Voluptueux volumes avec Fernando Botero au Musée Würth Erstein

Boterosutra 51, 2013, collection de l’artiste. Photo de François Fernandez

Toiles, dessins et sculptures : le Musée Würth d’Erstein rend hommage à Fernando Botero (né en 1932) avec une exposition où est présentée l’intégralité de sa dernière série Boterosutra à côté d’une cinquantaine de peintures représentatives de sa trajectoire artistique.

Reconnaissables au premier regard, les œuvres de Botero représentent des sujets où les volumes sont outrageusement épaissis, femmes ultra-voluptueuses, toreros obèses ou fruits et légumes boostés aux OGM. L’artiste colombien, sans doute lassé qu’on lui pose sempiternellement la même question – « Pourquoi des gros ? » – préfère déminer le terrain de suite. « J’ai commencé intuitivement à faire des aquarelles très “volumétriques” en 1947-48. Elles me permettaient en quelque sorte de m’inscrire dans la tradition initiée par Giotto qui a véritablement créé le volume », s’amuse-t-il. « L’Art est exagération. Van Gogh exagérait. Picasso exagérait. Mes corps exagèrent. C’est un moyen de donner une puissante sensualité au tableau, tout en lui conférant un impact direct. »

Abondance somptueuse
En regardant ces toiles où le Christ est en surpoids et où une Europe bouffie chevauche un Zeus-Taureau plein de bourrelets, impossible de ne pas penser à la valeur tactile de l’art définie par Bernard Berenson (1865-1959) qui apparaît « dans la représentation des objets solides lorsque ceux-ci ne sont pas simplement imités, mais présentés de façon à stimuler l’imagination ; celle-ci est amenée à sentir le volume de ces objets, à en apprécier le poids, à mesurer la distance qui les sépare de nous, elle nous pousse à nous mettre en étroit contact avec eux, à les saisir, à les étreindre, à tourner autour d’eux. » On ne saurait mieux décrire le sentiment qui étreint le visiteur dans une galerie XXXXL de personnages potelés, picadors, prostituées, militaires ou circassiens. Cette Abondance somptueuse se déploie sans discontinuer depuis les années 1950. Alors installé à New York, l’artiste peint sa toile fondatrice, Nature morte à la Mandoline (1957) : « À l’époque régnait la dictature de l’expressionnisme abstrait. Même Picasso était éclipsé. Les prophètes se nommaient Jackson Pollock et Willem de Kooning. J’arrivais de Florence, où j’avais été observer l’art italien du Quattrocento. Mes tableaux allaient à contre-courant. »

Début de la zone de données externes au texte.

definition NP_purely_ac :: "real \<Rightarrow> real \<Rightarrow> bool" where
  "NP_purely_ac R r \<longleftrightarrow> (\<forall>\<phi>\<in>Kspace R r.
     (\<exists>\<mu>. is_spectral_measure R r \<phi> \<mu>) \<and>
     (\<forall>\<mu>. is_spectral_measure R r \<phi> \<mu> \<longrightarrow> absolutely_continuous lborel \<mu>))"

end

theory Submission
  imports Defs
begin

(* In the representation K^{-1/2}_0 of boundary densities, the Neumann-Poincare operator is
   multiplication by the diagonal symbol diag(K1, -K1) with K1(k) = exp(-|k| q1) / 2, which takes
   every value in (0, 1/2]. Its spectrum is therefore the closure [-1/2, 1/2] of the range of the
   symbol: away from it the inverse symbol is bounded, and at a point of it indicators of short
   intervals on which the symbol is almost constant are approximate eigenvectors.
   The spectral measure of a density phi is the sum of the push-forwards of the weights
   S_j |phi_j|^2 dk under the two symbols. Being supported in [-1/2, 1/2], it is the only measure
   with its moments, and it is absolutely continuous because K1 has a differentiable inverse on
   each half-line, so preimages of Lebesgue null sets are null. *)

section \<open>Sums of measures\<close>

definition add_measure :: "'a measure \<Rightarrow> 'a measure \<Rightarrow> 'a measure" where
  "add_measure M N = measure_of (space M) (sets M) (\<lambda>A. emeasure M A + emeasure N A)"

context
  fixes M N :: "'a measure"
  assumes sets_N: "sets N = sets M"
begin

lemma sets_add_measure [simp, measurable_cong]: "sets (add_measure M N) = sets M"
  unfolding add_measure_def by (rule sets.sets_measure_of_eq)

lemma space_add_measure [simp]: "space (add_measure M N) = space M"
  using sets_eq_imp_space_eq[OF sets_add_measure] .

lemma emeasure_add_measure:
  assumes "A \<in> sets M"
  shows "emeasure (add_measure M N) A = emeasure M A + emeasure N A"
  unfolding add_measure_def
proof (rule emeasure_measure_of_sigma[OF sets.sigma_algebra_axioms _ _ assms])
  show "positive (sets M) (\<lambda>A. emeasure M A + emeasure N A)"
    by (simp add: positive_def)
  show "countably_additive (sets M) (\<lambda>A. emeasure M A + emeasure N A)"
    unfolding countably_additive_def
  proof safe
    fix A :: "nat \<Rightarrow> 'a set"
    assume A: "range A \<subseteq> sets M" "disjoint_family A"
    have "(\<Sum>i. emeasure M (A i) + emeasure N (A i)) = (\<Sum>i. emeasure M (A i)) + (\<Sum>i. emeasure N (A i))"
      by (rule suminf_add[symmetric]) (auto intro: summableI)
    also have "\<dots> = emeasure M (\<Union>i. A i) + emeasure N (\<Union>i. A i)"
      using suminf_emeasure[OF A] suminf_emeasure[of A N] A sets_N by simp
    finally show "(\<Sum>i. emeasure M (A i) + emeasure N (A i)) = emeasure M (\<Union>i. A i) + emeasure N (\<Union>i. A i)" .
  qed
qed

lemma finite_measure_add_measure:
  "finite_measure M \<Longrightarrow> finite_measure N \<Longrightarrow> finite_measure (add_measure M N)"
  using sets_N sets_eq_imp_space_eq[OF sets_N]
  by (intro finite_measureI) (simp add: emeasure_add_measure finite_measure.emeasure_finite)

lemma null_sets_add_measure: "null_sets (add_measure M N) = null_sets M \<inter> null_sets N"
proof -
  have "A \<in> null_sets (add_measure M N) \<longleftrightarrow> A \<in> null_sets M \<inter> null_sets N" for A
    using sets_N by (cases "A \<in> sets M") (simp_all add: null_sets_def emeasure_add_measure)
  then show ?thesis
    by blast
qed
(* Let $(a_j)_{j=0}^\infty$ be a sequence of complex numbers with $|a_j|=1$ for all $j \ge 0$, and for each $n=0,1,2,\ldots$ let $P_n(z)=\sum_{j=0}^n a_j z^j$. Then $(P_n)_{n=0}^\infty$ is not an ultraflat sequence of unimodular polynomials; that is, there is no sequence $(\varepsilon_n)$ of positive real numbers with $\varepsilon_n\to 0$ such that $$(1-\varepsilon_n)\sqrt{n+1} \le |P_n(e^{it})| \le (1+\varepsilon_n)\sqrt{n+1} \quad \text{for all } t\in\mathbb{R} \text{ and all } n\ge 0.$$
   Context: For $n\ge 0$, $\mathcal{K}_n$ denotes the set of polynomials $Q_n(z)=\sum_{k=0}^n a_k z^k$ with $a_k\in\mathbb{C}$, $|a_k|=1$ (complex unimodular polynomials of degree $n$). Given $\varepsilon>0$, a polynomial $P_n\in\mathcal{K}_n$ is $\varepsilon$-flat if $(1-\varepsilon)\sqrt{n+1}\le |P_n(e^{it})|\le (1+\varepsilon)\sqrt{n+1}$ for all real $t$. A sequence $(P_n)$ with $P_n\in\mathcal{K}_n$ is ultraflat if there is a sequence $(\varepsilon_n)$ of positive numbers converging to $0$ such that each $P_n$ is $\varepsilon_n$-flat. *)

theory Defs
  imports Complex_Main
begin

definition upoly :: "(nat \<Rightarrow> complex) \<Rightarrow> nat \<Rightarrow> complex \<Rightarrow> complex" where
  "upoly a n z = (\<Sum>k\<le>n. a k * z ^ k)"

definition eps_flat :: "real \<Rightarrow> nat \<Rightarrow> (nat \<Rightarrow> complex) \<Rightarrow> bool" where
  "eps_flat \<epsilon> n a \<longleftrightarrow>
     (\<forall>t::real. (1 - \<epsilon>) * sqrt (real n + 1) \<le> cmod (upoly a n (exp (\<i> * of_real t)))
              \<and> cmod (upoly a n (exp (\<i> * of_real t))) \<le> (1 + \<epsilon>) * sqrt (real n + 1))"

definition ultraflat :: "(nat \<Rightarrow> nat \<Rightarrow> complex) \<Rightarrow> bool" where
  "ultraflat c \<longleftrightarrow>
     (\<exists>\<epsilon> :: nat \<Rightarrow> real. (\<forall>n. \<epsilon> n > 0) \<and> \<epsilon> \<longlonglongrightarrow> 0 \<and> (\<forall>n. eps_flat (\<epsilon> n) n (c n)))"

end

(* Sample everything at the N = 2n + 1 roots of unity, where Parseval's identity is exact for
   polynomials of degree < N.  Let S_n = sum_{k<=n} P_k = (n+1) P_n - z P_n'.  If P_n is eps-flat,
   S_n conj(P_n) is nearly real and nonnegative on the circle: its real part is bounded below by
   Bernstein's inequality for z P_n (via the Fejer kernel), and its imaginary part is -1/2 times
   the derivative of |P_n(e^it)|^2, a trigonometric polynomial of degree n that deviates from n + 1
   by O(eps n), so it is small in l^2 by Bernstein's inequality.  Since the samples of S_n conj(P_n)
   sum to N (n+1)(n+2)/2, the l^1 mass of S_n is about N n^(3/2) / 2.  Pairing S_n with P_m, m <= n,
   gives exactly N sum_{j<=m} (n+1-j), while flatness of P_m bounds the pairing by sqrt(m+1) times
   that mass.  For m + 1 = 16K and n + 1 = 25K the exact value 272K^2 + 8K exceeds the bound,
   which is about 250K^2. *)

theory Submission
  imports Defs "HOL-Library.Real_Mod"
begin

definition unity_root :: "nat \<Rightarrow> nat \<Rightarrow> complex" where
  "unity_root N k = cis (2 * pi * real k / real N)"

lemma norm_unity_root [simp]: "cmod (unity_root N k) = 1"
  by (simp add: unity_root_def)

lemma sum_unity_root_orthogonal:
  assumes p: "p < N" and q: "q < N"
  shows "(\<Sum>k<N. unity_root N k ^ p * cnj (unity_root N k) ^ q) = (if p = q then of_nat N else 0)"
proof -
  define x where "x = cis (2 * pi * (real p - real q) / real N)"
  have "unity_root N k ^ p * cnj (unity_root N k) ^ q = x ^ k" for k
    unfolding x_def unity_root_def DeMoivre cis_cnj cis_mult
    by (rule arg_cong[where f = cis]) (simp add: field_simps add_divide_distrib[symmetric])
  then have sum_eq: "(\<Sum>k<N. unity_root N k ^ p * cnj (unity_root N k) ^ q) = (\<Sum>k<N. x ^ k)"
    by simp
  show ?thesis
  proof (cases "p = q")
    case True
    then show ?thesis unfolding sum_eq by (simp add: x_def)
  next
    case False
    have "x \<noteq> 1"
    proof
      assume "x = 1"
      then obtain r :: int where "2 * pi * (real p - real q) / real N = of_int r * (2 * pi)"
        by (auto simp: x_def cis_eq_1_iff)
      then have "2 * pi * (real p - real q) = 2 * pi * (of_int r * real N)"
        using p by (simp add: divide_eq_eq mult_ac)
      then have "real_of_int (int p - int q) = real_of_int (r * int N)"
        by simp
      then have "int p mod int N = int q mod int N"
        by (simp only: of_int_eq_iff mod_eq_dvd_iff) simp
      with p q False show False
        by (simp add: zmod_int)
    qed
    moreover have "x ^ N = 1"
      using p by (simp add: x_def DeMoivre)
    ultimately show ?thesis
      using False unfolding sum_eq by (simp add: sum_gp_strict)
  qed
qed

lemma sum_unity_root_inner:
  assumes "finite A" "finite B" and f: "\<And>x. x \<in> A \<Longrightarrow> f x < N" and g: "\<And>y. y \<in> B \<Longrightarrow> g y < N"
  shows "(\<Sum>k<N. (\<Sum>x\<in>A. b x * unity_root N k ^ f x) * cnj (\<Sum>y\<in>B. c y * unity_root N k ^ g y))
       = of_nat N * (\<Sum>x\<in>A. \<Sum>y\<in>B. if f x = g y then b x * cnj (c y) else 0)"
proof -
  have "(\<Sum>k<N. (\<Sum>x\<in>A. b x * unity_root N k ^ f x) * cnj (\<Sum>y\<in>B. c y * unity_root N k ^ g y))
      = (\<Sum>k<N. \<Sum>x\<in>A. \<Sum>y\<in>B. b x * cnj (c y) * (unity_root N k ^ f x * cnj (unity_root N k) ^ g y))"
    by (simp add: cnj_sum sum_product mult_ac)
  also have "\<dots> = (\<Sum>x\<in>A. \<Sum>y\<in>B. b x * cnj (c y) * (\<Sum>k<N. unity_root N k ^ f x * cnj (unity_root N k) ^ g y))"
    by (simp add: sum.swap[of _ "{..<N}"] sum_distrib_left)
  also have "\<dots> = (\<Sum>x\<in>A. \<Sum>y\<in>B. b x * cnj (c y) * (if f x = g y then of_nat N else 0))"
    using f g by (intro sum.cong refl) (simp add: sum_unity_root_orthogonal)
  also have "\<dots> = of_nat N * (\<Sum>x\<in>A. \<Sum>y\<in>B. if f x = g y then b x * cnj (c y) else 0)"
    by (simp add: sum_distrib_left if_distrib mult_ac cong: if_cong)
  finally show ?thesis .
qed

lemma discrete_parseval:
  assumes "D < N"
  shows "(\<Sum>k<N. (cmod (\<Sum>e\<le>D. b e * unity_root N k ^ e))\<^sup>2) = real N * (\<Sum>e\<le>D. (cmod (b e))\<^sup>2)"
proof -
  have "complex_of_real (\<Sum>k<N. (cmod (\<Sum>e\<le>D. b e * unity_root N k ^ e))\<^sup>2)
      = (\<Sum>k<N. (\<Sum>e\<le>D. b e * unity_root N k ^ e) * cnj (\<Sum>e\<le>D. b e * unity_root N k ^ e))"
    by (simp only: of_real_sum complex_norm_square)
  also have "\<dots> = of_nat N * (\<Sum>e\<le>D. \<Sum>e'\<le>D. if e = e' then b e * cnj (b e') else 0)"
    using assms by (intro sum_unity_root_inner) auto
  also have "\<dots> = complex_of_real (real N * (\<Sum>e\<le>D. (cmod (b e))\<^sup>2))"
    by (simp add: sum.delta complex_norm_square del: of_real_power)
  finally show ?thesis
    by (simp only: of_real_eq_iff)
qed

lemma card_atMost_le_add:
  assumes "j \<le> n"
  shows "card {i. i \<le> n \<and> n \<le> j + i} = Suc j"
proof -
  have "{i. i \<le> n \<and> n \<le> j + i} = {n - j..n}"
    using assms by (auto simp: atLeastAtMost_iff)
  then show ?thesis
    using assms by simp
qed
text \<open>Real and imaginary parts U, V (real vectors in C^2 = R^4) of a complex vector X = U + i V.\<close>
definition re_vec :: "cvec \<Rightarrow> pt" where
  "re_vec u = (case u of (a, b, c, d) \<Rightarrow> ((a + cnj c) / 2, (b + cnj d) / 2))"

definition im_vec :: "cvec \<Rightarrow> pt" where
  "im_vec u = (case u of (a, b, c, d) \<Rightarrow> ((a - cnj c) / (2 * \<i>), (b - cnj d) / (2 * \<i>)))"

definition cder :: "cvf \<Rightarrow> (pt \<Rightarrow> complex) \<Rightarrow> pt \<Rightarrow> complex" where
  "cder X f p = (let D = frechet_derivative f (at p within S3)
                 in D (re_vec (X p)) + \<i> * D (im_vec (X p)))"

fun iterd :: "cvf list \<Rightarrow> (pt \<Rightarrow> complex) \<Rightarrow> pt \<Rightarrow> complex" where
  "iterd [] f = f"
| "iterd (X # Xs) f = cder X (iterd Xs f)"

definition Zf1 :: cvf where
  "Zf1 p = (case p of (z, w) \<Rightarrow> (cnj w, - cnj z, 0, 0))"

definition Zf1b :: cvf where
  "Zf1b p = (case p of (z, w) \<Rightarrow> (0, 0, w, - z))"

definition Tf :: cvf where
  "Tf p = (case p of (z, w) \<Rightarrow> (\<i> * z, \<i> * w, - \<i> * cnj z, - \<i> * cnj w))"

definition smoothS3 :: "(pt \<Rightarrow> complex) \<Rightarrow> bool" where
  "smoothS3 f \<longleftrightarrow> (\<forall>Xs. set Xs \<subseteq> {Tf, Zf1, Zf1b} \<longrightarrow>
      (\<forall>p\<in>S3. iterd Xs f differentiable (at p within S3)))"

definition Zt :: "(pt \<Rightarrow> complex) \<Rightarrow> cvf" where
  "Zt \<phi> p = qadd (Zf1 p) (qscale (\<phi> p) (Zf1b p))"

definition Ztb :: "(pt \<Rightarrow> complex) \<Rightarrow> cvf" where
  "Ztb \<phi> p = qadd (Zf1b p) (qscale (cnj (\<phi> p)) (Zf1 p))"

definition frame :: "(pt \<Rightarrow> complex) \<Rightarrow> cvf list" where
  "frame \<phi> = [Tf, Zt \<phi>, Ztb \<phi>]"

definition bracket :: "cvf \<Rightarrow> cvf \<Rightarrow> cvf" where
  "bracket X Y p =
     (cder X (\<lambda>q. fst (Y q)) p - cder Y (\<lambda>q. fst (X q)) p,
      cder X (\<lambda>q. fst (snd (Y q))) p - cder Y (\<lambda>q. fst (snd (X q))) p,
      cder X (\<lambda>q. fst (snd (snd (Y q)))) p - cder Y (\<lambda>q. fst (snd (snd (X q)))) p,
      cder X (\<lambda>q. snd (snd (snd (Y q)))) p - cder Y (\<lambda>q. snd (snd (snd (X q)))) p)"

definition frame_coeffs :: "(pt \<Rightarrow> complex) \<Rightarrow> pt \<Rightarrow> cvec \<Rightarrow> complex \<times> complex \<times> complex" where
  "frame_coeffs \<phi> p v = (THE (c0, c1, c2).
      v = qadd (qscale c0 (Tf p)) (qadd (qscale c1 (Zt \<phi> p)) (qscale c2 (Ztb \<phi> p))))"

text \<open>1-forms are represented as maps pt => cvec => complex.\<close>
definition theta :: "pt \<Rightarrow> cvec \<Rightarrow> complex" where
  "theta p v = (case p of (z, w) \<Rightarrow> case v of (a, b, c, d) \<Rightarrow> - \<i> * (cnj z * a + cnj w * b))"

text \<open>The coframe (theta, theta^1, theta^1bar) dual to (T, Zt_1, Zt_1bar).\<close>
definition th1 :: "(pt \<Rightarrow> complex) \<Rightarrow> pt \<Rightarrow> cvec \<Rightarrow> complex" where
  "th1 \<phi> p v = fst (snd (frame_coeffs \<phi> p v))"

definition th1b :: "(pt \<Rightarrow> complex) \<Rightarrow> pt \<Rightarrow> cvec \<Rightarrow> complex" where
  "th1b \<phi> p v = snd (snd (frame_coeffs \<phi> p v))"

Photo de Benoît Linder pour Poly

Imperturbabilité pré-romantique
À travers les séries successives de Botero, se découvrent ses multiples influences, de la peinture populaire naïve d’Amérique latine aux grands maîtres du passé auxquels il rend hommage en réalisant de séduisants pastiches boursouflés (d’après Velasquez, Goya, etc.) comme s’il cannibalisait l’Histoire de l’Art. Mais au fil des siècles « ça s’est toujours passé ainsi, non ? Rubens a copié Titien. Van Gogh a copié Delacroix et Picasso a copié toute le monde », rigole-t-il. Ses personnages demeurent cependant impassibles : même lorsque l’artiste s’attaque aux atrocités de la prison d’Abu Ghraib, ils ne semblent pas exprimer de sentiment, comme si victimes et bourreaux étaient absents à eux-mêmes et au monde. Cette « imperturbabilité préromantique » – pour reprendre l’expression de Mario Varga Llosa – est sans doute liée à l’effet produit sur le jeune Botero par l’art égyptien découvert à Paris, à 19 ans : « J’étais impressionné par ces scènes et ces visages statiques. Ensuite j’ai été fasciné par Piero della Francesca. » Nimbés d’une puissante sensualité, les créatures de Botero entraînent le visiteur dans un espace-temps onirique, apaisé et lointain. Le glissement vers l’érotisme était prévisible : c’est ce qui s’est passé avec sa récente série intitulée Boterosutra (trois statuettes, six toiles et plus de 70 dessins) « née du hasard » ou plutôt d’une « sculpture de femme couchée dont la composition n’était pas satisfaisante. J’ai mis un homme dessus et les choses sont devenues intéressantes. » Les corps s’emboîtent dans tous les sens (les attitudes des différents protagonistes évoquant parfois curieusement Ingres, Renoir ou Degas), mais les choses restent finalement assez sages, voire prudes, puisque jamais on n’aperçoit un vit turgescent. Il émane de ces couples un mélange de mélancolie – renvoyant à la tristesse post-coïtum – et de profonde tendresse : le Boterosutra est l’œuvre d’un amoureux lucide (tendance romantique désabusé), pas d’un libertin.